I left home at 19 knowing I just had to get out! I didn’t want to prove my old teacher right and I knew I would end up like the rest if I stayed.
Promises to stop
Over the years my mums drinking got so bad she was admitted to hospital a few times. Going in to see her laid up and begging her to stop drinking. She made the promises to stop every time, then within weeks she was back to her old ways.
She even went to the lengths to try and hide it by filling up Lucozade bottles with alcohol instead. Hiding the bottles when we went around her house and trying to convince us she had reduced her drinking.
The worst she got was being in hospital for weeks. The doctors even told her if she doesn’t stop she will die.
You’d think this was the wake-up call she needed, maybe not for just us but she now had grandkids that adored her! Nope. Back to the drinking again.
She would rather drink than eat
The next few years were a huge struggle and a strain with her health. She was even signed off work because of how ill she was.
This lack of anything to do during her days just made turning to drink from 8am when she woke till she eventually passed out on the sofa the normal.
She would often ask me to lend her money which I knew I’d never get back, I didn’t care about that. What did hurt was knowing it was for alcohol.
She would rather have the drink than any food!
Who I am today
Last year December 2024, a week or so before Xmas she was ill and we knew it was bad. She couldn’t even get out of bed. I told her I would pop around that weekend with my son to see her. I didn’t go.
Tuesday morning after that weekend I got that dreaded call!! The one I knew would come sooner rather than later.
She had passed away. She was admitted to hospital the day before and didn’t tell us, she didn’t want us to worry. She was only 58.
Now, as much as my childhood was rough at times and with the battle to survive at times, I now believe this made me who I am today.
I know what it feels like to have nothing! Living from day to day! I didn’t want that any more.

Making my mum proud
As much as my mum had her own issues, I had a choice to make in my early 20s. Carry on and end up the same as everyone else I grew up with or take control and do something with my life!
I always had this sense of wanting to make my mum proud. To show her I could do more and she was always the first person I told when I did anything that may make her proud of me.
It was almost like bragging that I am not turning out like her.
For me I used the frustration and anger inside to change and make something of my life. As silly as it may sound I couldn’t bear to scatter her ashes.
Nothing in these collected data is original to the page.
lemma square_smallo_powr:
  assumes f: "f \<in> o(\<lambda>n. real n powr - \<delta>)" and "0 \<le> \<delta>"
  shows "(\<lambda>n. (f n)\<^sup>2) \<in> o(\<lambda>n. real n powr - \<delta>)"
proof -
  have "(\<lambda>n. (f n)\<^sup>2) \<in> o(\<lambda>n. (real n powr - \<delta>)\<^sup>2)"
    using landau_o.small_power[OF f, of 2] by simp
  also have "(\<lambda>n. (real n powr - \<delta>)\<^sup>2) = (\<lambda>n. real n powr (- \<delta> - \<delta>))"
    by (simp add: power2_eq_square flip: powr_add)
  also have "\<dots> \<in> O(\<lambda>n. real n powr - \<delta>)"
    using \<open>0 \<le> \<delta>\<close> by (intro nat_powr_bigo_powr) simp
  finally show ?thesis .
qed

lemma nparams_bigo:
  assumes "(\<lambda>n. real (k n)) \<in> O(\<lambda>n. real n powr a)" "0 < a"
  shows "(\<lambda>n. real (nparams p (k n))) \<in> O(\<lambda>n. real n powr a)"
proof -
  have "(\<lambda>n. 1 + real (p + 2) * real (k n)) \<in> O(\<lambda>n. real n powr a)"
    using assms by (intro sum_in_bigo) (auto, real_asymp)
  then show ?thesis
    by (simp add: nparams_def algebra_simps)
qed

lemma eventually_exp_le_of_ln_smallo:
  fixes f g :: "'a \<Rightarrow> real"
  assumes "(\<lambda>x. ln (f x)) \<in> o[F](g)" "eventually (\<lambda>x. 0 < f x) F" "0 < c"
  shows "eventually (\<lambda>x. exp (- c * \<bar>g x\<bar>) \<le> f x) F"
  using landau_o.smallD[OF assms(1,3)] assms(2)
proof eventually_elim
  case (elim x)
  then have "- c * \<bar>g x\<bar> \<le> ln (f x)"
    by simp
  then show ?case
    using elim by (metis exp_le_cancel_iff exp_ln)
qed

lemma log_prior_mass_smallo:
  fixes K S :: "nat \<Rightarrow> real"
  assumes K: "K \<in> O(\<lambda>n. real n powr a)" and S: "S \<in> o(\<lambda>n. real n powr (1 - \<delta>))"
    and a: "0 < a" "\<delta> < 1 - a" and "0 < b" "0 < d"
  shows "(\<lambda>n. A + K n * ln (b / real n ^ 2) + B * S n + ln (d / real n powr \<delta>))
    \<in> o(\<lambda>n. real n powr (1 - \<delta>))"
proof -
  have "\<delta> < 1"
    using a by simp
  have "(\<lambda>n. K n * ln (b / real n ^ 2)) \<in> O(\<lambda>n. real n powr a * ln (real n))"
    using \<open>0 < b\<close> by (intro landau_o.big.mult K) real_asymp
  also have "(\<lambda>n. real n powr a * ln (real n)) \<in> o(\<lambda>n. real n powr (1 - \<delta>))"
    using a by real_asymp
  finally have "(\<lambda>n. K n * ln (b / real n ^ 2)) \<in> o(\<lambda>n. real n powr (1 - \<delta>))" .
  moreover have "(\<lambda>n. A) \<in> o(\<lambda>n. real n powr (1 - \<delta>))"
    using \<open>\<delta> < 1\<close> by real_asymp
  moreover have "(\<lambda>n. ln (d / real n powr \<delta>)) \<in> o(\<lambda>n. real n powr (1 - \<delta>))"
    using \<open>\<delta> < 1\<close> \<open>0 < d\<close> by real_asymp
  ultimately show ?thesis
    using S by (intro sum_in_smallo) simp_all
qed

lemma eventually_exp_le_prior_mass_bound:
  fixes K :: "nat \<Rightarrow> nat" and S :: "nat \<Rightarrow> real"
  assumes K: "(\<lambda>n. real (K n)) \<in> O(\<lambda>n. real n powr a)" and S: "S \<in> o(\<lambda>n. real n powr (1 - \<delta>))"
    and a: "0 < a" "\<delta> < 1 - a"
    and pos: "0 < C" "0 < b" "0 < s" "0 < c" "0 < \<kappa>'"
  shows "\<forall>\<^sub>F n in sequentially. exp (- \<kappa>' * real n powr (1 - \<delta>))
    \<le> C * (2 * (1 / real n ^ 2) * b) ^ K n * exp (- S n / Z) * (s * (c / real n powr \<delta>))"
proof -
  define lb where
    "lb n = C * (2 * (1 / real n ^ 2) * b) ^ K n * exp (- S n / Z) * (s * (c / real n powr \<delta>))" for n
  have "\<forall>\<^sub>F n in sequentially. ln (lb n)
      = ln C + real (K n) * ln (2 * b / real n ^ 2) + (- 1 / Z) * S n + ln (s * c / real n powr \<delta>)"
    using eventually_gt_at_top[of 0]
    by eventually_elim (use pos in \<open>simp add: lb_def ln_mult ln_realpow ln_div\<close>)
  moreover have "(\<lambda>n. ln C + real (K n) * ln (2 * b / real n ^ 2) + (- 1 / Z) * S n
      + ln (s * c / real n powr \<delta>)) \<in> o(\<lambda>n. real n powr (1 - \<delta>))"
    using K S a pos by (intro log_prior_mass_smallo) auto
  ultimately have "(\<lambda>n. ln (lb n)) \<in> o(\<lambda>n. real n powr (1 - \<delta>))"
    by (rule landau_o.small.in_cong[THEN iffD2])
  moreover have "\<forall>\<^sub>F n in sequentially. 0 < lb n"
    using eventually_gt_at_top[of 0] by eventually_elim (use pos in \<open>simp add: lb_def\<close>)
  ultimately have "\<forall>\<^sub>F n in sequentially. exp (- \<kappa>' * \<bar>real n powr (1 - \<delta>)\<bar>) \<le> lb n"
    using \<open>0 < \<kappa>'\<close> by (rule eventually_exp_le_of_ln_smallo)
  then show ?thesis
    unfolding lb_def by simp
qed

lemma eventually_integral_square_le:
  assumes "(\<lambda>n. L2norm p (g n)) \<in> o(\<lambda>n. real n powr - \<delta>)" "0 \<le> \<delta>" "0 < c"
  shows "\<forall>\<^sub>F n in sequentially. (\<integral>x. (g n x)\<^sup>2 \<partial>cube p) \<le> c / real n powr \<delta>"
proof -
  have "(L2norm p (g n))\<^sup>2 = (\<integral>x. (g n x)\<^sup>2 \<partial>cube p)" for n
    unfolding L2norm_def by (simp add: Bochner_Integration.integral_nonneg)
  then show ?thesis
    using landau_o.smallD_nonneg_real[OF square_smallo_powr[OF assms(1,2)] _ \<open>0 < c\<close>]
    by (simp add: powr_minus_divide)
qed

lemma eventually_fnet_lip_le:
  fixes \<theta> :: "nat \<Rightarrow> nat \<Rightarrow> real"
  assumes k: "(\<lambda>n. real (k n)) \<in> O(\<lambda>n. real n powr a)"
    and S: "(\<lambda>n. \<Sum>i<nparams p (k n). (\<theta> n i)\<^sup>2) \<in> o(\<lambda>n. real n powr (1 - \<delta>))"
    and "a \<le> 1" "0 \<le> \<delta>" "\<delta> < 1" "0 < c"
  shows "\<forall>\<^sub>F n in sequentially. (1 / real n ^ 2 * fnet_lip p (k n) (\<theta> n))\<^sup>2 \<le> c / real n powr \<delta>"
proof -
  define L where "L n = 1 + real (p + 2) * (real (k n) + (\<Sum>i<nparams p (k n). (\<theta> n i)\<^sup>2))" for n
  have "(\<lambda>n. real (k n)) \<in> O(\<lambda>n. real n powr 1)"
    using k nat_powr_bigo_powr[OF \<open>a \<le> 1\<close>] by (rule landau_o.big_trans)
  moreover have "(\<lambda>n. \<Sum>i<nparams p (k n). (\<theta> n i)\<^sup>2) \<in> O(\<lambda>n. real n powr 1)"
    using landau_o.small_imp_big[OF S] nat_powr_bigo_powr[of "1 - \<delta>" 1] \<open>0 \<le> \<delta>\<close>
    by (auto intro: landau_o.big_trans)
  ultimately have "(\<lambda>n. real (k n) + (\<Sum>i<nparams p (k n). (\<theta> n i)\<^sup>2)) \<in> O(\<lambda>n. real n powr 1)"
    by (rule sum_in_bigo)
  moreover have "(\<lambda>n. 1) \<in> O(\<lambda>n. real n powr 1)"
    by real_asymp
  ultimately have "L \<in> O(\<lambda>n. real n powr 1)"
    unfolding L_def by (intro sum_in_bigo) simp_all
  then have "(\<lambda>n. (1 / real n ^ 2 * L n)\<^sup>2) \<in> O(\<lambda>n. (1 / real n ^ 2 * real n powr 1)\<^sup>2)"
    by (intro landau_o.big_power landau_o.big.mult) simp_all
  also have "(\<lambda>n. (1 / real n ^ 2 * real n powr 1)\<^sup>2) \<in> o(\<lambda>n. real n powr - \<delta>)"
    using \<open>\<delta> < 1\<close> by real_asymp
  finally have "\<forall>\<^sub>F n in sequentially. (1 / real n ^ 2 * L n)\<^sup>2 \<le> c * \<bar>real n powr - \<delta>\<bar>"
    using \<open>0 < c\<close> by (intro landau_o.smallD_nonneg_real) simp_all
  then show ?thesis
  proof eventually_elim
    case (elim n)
    have "(1 / real n ^ 2 * fnet_lip p (k n) (\<theta> n))\<^sup>2 \<le> (1 / real n ^ 2 * L n)\<^sup>2"
      unfolding L_def using fnet_lip_le fnet_lip_nonneg
      by (intro power_mono mult_left_mono) simp_all
    then show ?case
      using elim by (simp add: powr_minus_divide)
  qed
qed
I have them in the scatter tube next to my laptop on my desk at home as a constant reminder to make her proud. To do better and work harder!
Learning the hard way
I no longer drink and if I do its maybe once or twice a year for a celebration. I hate the thought of being out of control and letting alcohol control me.
I learned the hard way that we always have choices! I was at the crossroads and you either take the right path or the wrong one. I did not want to follow in her shoes! I did not want to become my parent!
I will always remember my mum for the love and support she did give me! The bad memories just now seem to have been pushed aside.
She was by far not always perfect, but she was still my mum.